Magnetism-driven nonrelativistic spin splitting (NRSS) provides a pathway toward efficient, spin-orbit-free spintronics. In centrosymmetric two-dimensional antiferromagnets, spin-polarized transport is symmetry-forbidden due to the combined space-time inversion (PT) symmetry. Here, by employing first-principles density functional theory and spin-group symmetry analysis, we demonstrate that twisting two antiferromagnetic or ferromagnetic monolayers of CoCl2, AX2 (A = Mn, V; X = Cl, Br, I), NiF2, NiBr2, FeS, CoS, MnTe2, MnSe2, and RuSe induces finite NRSS even in the absence of spin-orbit coupling.
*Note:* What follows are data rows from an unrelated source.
definition homogeneous :: "'a::zero mpol \<Rightarrow> bool" where
  "homogeneous f \<longleftrightarrow> (\<exists>d. \<forall>m\<in>Poly_Mapping.keys f. mdeg m = d)"

definition eval :: "'a::comm_semiring_1 mpol \<Rightarrow> (nat \<Rightarrow> 'a) \<Rightarrow> 'a" where
  "eval f v = (\<Sum>m\<in>Poly_Mapping.keys f. Poly_Mapping.lookup f m * (\<Prod>i\<in>Poly_Mapping.keys m. v i ^ Poly_Mapping.lookup m i))"

text \<open>Points of P^n, represented by their (nonzero) homogeneous coordinate vectors
  (v_0,...,v_n); a subset of P^n is represented by the set of all its coordinate vectors
  (its affine cone minus the origin).\<close>
definition proj_pts :: "nat \<Rightarrow> (nat \<Rightarrow> 'a::zero) set" where
  "proj_pts n = {v. (\<forall>i>n. v i = 0) \<and> v \<noteq> (\<lambda>_. 0)}"

definition proj_closed :: "nat \<Rightarrow> (nat \<Rightarrow> 'a::comm_semiring_1) set \<Rightarrow> bool" where
  "proj_closed n Y \<longleftrightarrow> (\<exists>S. S \<subseteq> polyring n \<and> (\<forall>f\<in>S. homogeneous f) \<and>
      Y = {v\<in>proj_pts n. \<forall>f\<in>S. eval f v = 0})"

definition vanishing_ideal :: "nat \<Rightarrow> (nat \<Rightarrow> 'a::comm_semiring_1) set \<Rightarrow> 'a mpol set" where
  "vanishing_ideal n Y = {f\<in>polyring n. \<forall>v\<in>Y. eval f v = 0}"

definition is_ideal :: "nat \<Rightarrow> 'a::comm_ring_1 mpol set \<Rightarrow> bool" where
  "is_ideal n J \<longleftrightarrow> J \<subseteq> polyring n \<and> 0 \<in> J \<and> (\<forall>a\<in>J. \<forall>b\<in>J. a + b \<in> J) \<and>
      (\<forall>a\<in>J. \<forall>r\<in>polyring n. r * a \<in> J)"
lemma set_contract:
  assumes "p < length x" "distinct x" "x ! p = i"
  shows "set (contract p i x) = shift_down i ` (set x - {i})"
proof
  show "set (contract p i x) \<subseteq> shift_down i ` (set x - {i})"
  proof
    fix y assume "y \<in> set (contract p i x)"
    then obtain m where m: "m < length x - 1" "y = shift_down i (x ! skip_pos p m)"
      by (auto simp: in_set_conv_nth nth_contract)
    have "skip_pos p m < length x" using m by (auto simp: skip_pos_def)
    moreover have "x ! skip_pos p m \<noteq> i"
      using assms calculation by (metis skip_pos_ne nth_eq_iff_index_eq)
    ultimately show "y \<in> shift_down i ` (set x - {i})" using m by auto
  qed
  show "shift_down i ` (set x - {i}) \<subseteq> set (contract p i x)"
  proof
    fix y assume "y \<in> shift_down i ` (set x - {i})"
    then obtain z where z: "z \<in> set x" "z \<noteq> i" "y = shift_down i z" by blast
    then obtain j where j: "j < length x" "x ! j = z" by (auto simp: in_set_conv_nth)
    have "j \<noteq> p" using j z assms by auto
    hence "unskip_pos p j < length x - 1" "skip_pos p (unskip_pos p j) = j"
      using j assms by (auto simp: unskip_pos_def skip_pos_def)
    thus "y \<in> set (contract p i x)" using j z by (metis nth_contract nth_mem length_contract)
  qed
qed

lemma set_expand:
  assumes "p \<le> length q"
  shows "set (expand p i q) = insert i (shift_up i ` set q)"
proof
  show "set (expand p i q) \<subseteq> insert i (shift_up i ` set q)"
  proof
    fix y assume "y \<in> set (expand p i q)"
    then obtain m where m: "m < Suc (length q)" "y = expand p i q ! m" by (auto simp: in_set_conv_nth)
    show "y \<in> insert i (shift_up i ` set q)"
    proof (cases "m = p")
      case False
      hence "unskip_pos p m < length q" using m assms by (auto simp: unskip_pos_def)
      thus ?thesis using m False by (simp add: nth_expand)
    qed (use m in \<open>simp add: nth_expand\<close>)
  qed
  show "insert i (shift_up i ` set q) \<subseteq> set (expand p i q)"
  proof
    fix y assume "y \<in> insert i (shift_up i ` set q)"
    then consider "y = i" | j where "j < length q" "y = shift_up i (q ! j)"
      by (auto simp: in_set_conv_nth)
    thus "y \<in> set (expand p i q)"
    proof cases
      case 1 thus ?thesis using assms nth_mem[of p "expand p i q"] by (simp add: nth_expand)
    next
      case 2
      hence "skip_pos p j < Suc (length q)" by (auto simp: skip_pos_def)
      thus ?thesis using 2 nth_mem[of "skip_pos p j" "expand p i q"] by (simp add: nth_expand)
    qed
  qed
qed

lemma contract_update_hd:
  assumes "1 \<le> p"
  shows "contract p i (x[0 := a]) = (contract p i x)[0 := shift_down i a]"
proof (rule nth_equalityI)
  fix m assume "m < length (contract p i (x[0 := a]))"
  moreover have "skip_pos p m = 0 \<longleftrightarrow> m = 0" "skip_pos p 0 = 0" using assms by (auto simp: skip_pos_def)
  moreover have "m < length x - 1 \<Longrightarrow> skip_pos p m < length x" by (auto simp: skip_pos_def)
  ultimately show "contract p i (x[0 := a]) ! m = (contract p i x)[0 := shift_down i a] ! m"
    by (auto simp: nth_contract nth_list_update)
qed simp

lemma contract_swap:
  assumes "1 \<le> p" "p < length x" "1 \<le> j" "j < length x" "j \<noteq> p"
  defines "j' \<equiv> unskip_pos p j"
  shows "contract p i (x[0 := x ! j, j := x ! 0])
       = (contract p i x)[0 := contract p i x ! j', j' := contract p i x ! 0]"
proof (rule nth_equalityI)
  have j': "j' < length x - 1" "skip_pos p j' = j" "1 \<le> j'" "skip_pos p 0 = 0"
    using assms by (auto simp: j'_def unskip_pos_def skip_pos_def)
  fix m assume m: "m < length (contract p i (x[0 := x ! j, j := x ! 0]))"
  have inj: "skip_pos p m = j \<longleftrightarrow> m = j'" "skip_pos p m = 0 \<longleftrightarrow> m = 0"
    using j' by (auto simp: skip_pos_def split: if_splits)
  have "skip_pos p m < length x" using m by (auto simp: skip_pos_def)
  thus "contract p i (x[0 := x ! j, j := x ! 0]) ! m
      = (contract p i x)[0 := contract p i x ! j', j' := contract p i x ! 0] ! m"
    using m j' inj by (auto simp: nth_contract nth_list_update)
qed simp

lemma expand_update_hd:
  assumes "1 \<le> p" "p \<le> length q" "q \<noteq> []"
  shows "expand p i (q[0 := a]) = (expand p i q)[0 := shift_up i a]"
proof (rule nth_equalityI)
  fix m assume "m < length (expand p i (q[0 := a]))"
  moreover have "m \<noteq> p \<Longrightarrow> unskip_pos p m = 0 \<longleftrightarrow> m = 0" using assms by (auto simp: unskip_pos_def)
  moreover have "m \<noteq> p \<Longrightarrow> m < Suc (length q) \<Longrightarrow> unskip_pos p m < length q"
    using assms by (auto simp: unskip_pos_def)
  ultimately show "expand p i (q[0 := a]) ! m = (expand p i q)[0 := shift_up i a] ! m"
    using assms by (auto simp: nth_expand nth_list_update)
qed simp

lemma expand_swap:
  assumes "1 \<le> p" "p \<le> length q" "1 \<le> j" "j < length q"
  defines "j' \<equiv> skip_pos p j"
  shows "expand p i (q[0 := q ! j, j := q ! 0])
       = (expand p i q)[0 := expand p i q ! j', j' := expand p i q ! 0]"
proof (rule nth_equalityI)
  fix m assume m: "m < length (expand p i (q[0 := q ! j, j := q ! 0]))"
  have j': "j' < Suc (length q)" "j' \<noteq> p" "j' \<noteq> 0" "unskip_pos p j' = j" "unskip_pos p 0 = 0"
    using assms by (auto simp: j'_def skip_pos_def unskip_pos_def)
  have "m \<noteq> p \<Longrightarrow> unskip_pos p m < length q" "m \<noteq> p \<Longrightarrow> unskip_pos p m = 0 \<longleftrightarrow> m = 0"
    "m \<noteq> p \<Longrightarrow> unskip_pos p m = j \<longleftrightarrow> m = j'"
    using m assms j' by (auto simp: unskip_pos_def j'_def skip_pos_def)
  thus "expand p i (q[0 := q ! j, j := q ! 0]) ! m
      = (expand p i q)[0 := expand p i q ! j', j' := expand p i q ! 0] ! m"
    using m j' assms(1) by (auto simp: nth_expand nth_list_update)
qed simp

context
  fixes n k p i :: nat
  assumes p: "1 \<le> p" "p < k" and i: "i \<in> {1..n}"
begin

lemma contract_in:
  assumes x: "x \<in> layer n k p i"
  shows "contract p i x \<in> kperms (n - 1) (k - 1)"
proof -
  have x1: "length x = k" "distinct x" "set x \<subseteq> {1..n}" "x ! p = i"
    using x by (auto simp: layer_def kperms_def)
  have skip: "\<And>m. m < k - 1 \<Longrightarrow> skip_pos p m < k" using p by (auto simp: skip_pos_def)
  have ne: "\<And>m. m < k - 1 \<Longrightarrow> x ! skip_pos p m \<noteq> i"
    using x1 skip p by (metis skip_pos_ne nth_eq_iff_index_eq)
  have "distinct (contract p i x)"
    unfolding distinct_conv_nth
  proof (intro allI impI)
    fix a b assume ab: "a < length (contract p i x)" "b < length (contract p i x)" "a \<noteq> b"
    hence "skip_pos p a \<noteq> skip_pos p b" by (metis unskip_skip)
    hence "x ! skip_pos p a \<noteq> x ! skip_pos p b" using ab x1 skip by (simp add: nth_eq_iff_index_eq)
    thus "contract p i x ! a \<noteq> contract p i x ! b" using ab x1 ne by (simp add: nth_contract shift_down_inj)
  qed
  moreover have "set (contract p i x) \<subseteq> {1..n - 1}"
  proof
    fix y assume "y \<in> set (contract p i x)"
    then obtain z where z: "z \<in> set x" "z \<noteq> i" "y = shift_down i z"
      using x1 p by (auto simp: set_contract)
    moreover have "z \<in> {1..n}" using x1 z by blast
    ultimately show "y \<in> {1..n - 1}" using i by (auto simp: shift_down_def)
  qed
  ultimately show ?thesis using x1 by (simp add: kperms_def)
qed

lemma expand_in:
  assumes q: "q \<in> kperms (n - 1) (k - 1)"
  shows "expand p i q \<in> layer n k p i"
proof -
  have q1: "length q = k - 1" "distinct q" "set q \<subseteq> {1..n - 1}" using q by (auto simp: kperms_def)
  have "distinct (expand p i q)"
    unfolding distinct_conv_nth
  proof (intro allI impI)
    fix a b assume ab: "a < length (expand p i q)" "b < length (expand p i q)" "a \<noteq> b"
    show "expand p i q ! a \<noteq> expand p i q ! b"
      using ab q1 p by (auto simp: nth_expand nth_eq_iff_index_eq unskip_pos_def)
  qed
  moreover have "set (expand p i q) \<subseteq> {1..n}"
    using q1 p i by (auto simp: set_expand shift_up_def)
  moreover have "expand p i q ! p = i" using p q1 by (simp add: nth_expand)
  ultimately show ?thesis using q1 p by (simp add: layer_def kperms_def)
qed

lemma expand_contract:
  assumes x: "x \<in> layer n k p i"
  shows "expand p i (contract p i x) = x"
proof (rule nth_equalityI)
  have x1: "length x = k" "distinct x" "x ! p = i" using x by (auto simp: layer_def kperms_def)
  show "length (expand p i (contract p i x)) = length x" using x1 p by simp
  fix m assume m: "m < length (expand p i (contract p i x))"
  show "expand p i (contract p i x) ! m = x ! m"
  proof (cases "m = p")
    case False
    have "m < k" using m x1 p by simp
    hence "x ! m \<noteq> i" using False x1 p nth_eq_iff_index_eq by metis
    moreover have "unskip_pos p m < length x - 1" using False m x1 p by (auto simp: unskip_pos_def)
    ultimately show ?thesis using m False x1 by (simp add: nth_expand nth_contract skip_unskip shift_up_down)
  qed (use m x1 in \<open>simp add: nth_expand\<close>)
qed

lemma contract_expand:
  assumes q: "q \<in> kperms (n - 1) (k - 1)"
  shows "contract p i (expand p i q) = q"
proof (rule nth_equalityI)
  fix m assume m: "m < length (contract p i (expand p i q))"
  have "skip_pos p m < Suc (length q)" using m by (auto simp: skip_pos_def)
  thus "contract p i (expand p i q) ! m = q ! m" using m by (simp add: nth_expand nth_contract)
qed simp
The relative twist breaks [C2||P] and [E||Cnz] symmetries, giving rise to momentum-dependent spin polarization with distinct d-, g-, and i-wave altermagnetic patterns across the Brillouin zone. Using symmetry-invariant k· p modeling, we extract linear spin-splitting coefficients α(1) ranging from 800-1100 meV, comparable to SOC-induced Rashba-Dresselhaus strengths observed in noncentrosymmetric semiconductors. An out-of-plane electric field (Ez) introduces Zeeman-type band splitting up to 110 meV at 10 MV/cm, while biaxial strain tunes the NRSS magnitude nearly linearly without altering symmetry. Crucially, the strain uxx-yy reduces the spin point group symmetry and drives reversible g/i → d wave-type transitions, resulting in finite spin conductivity and an enhanced spin-splitter angle (up to 18). These results extend the concept of altermagnetism to twisted bilayer geometries and establish a general route for realizing exchange-driven, nonrelativistic spin currents through symmetry engineering without requiring heavy elements or spin-orbit coupling.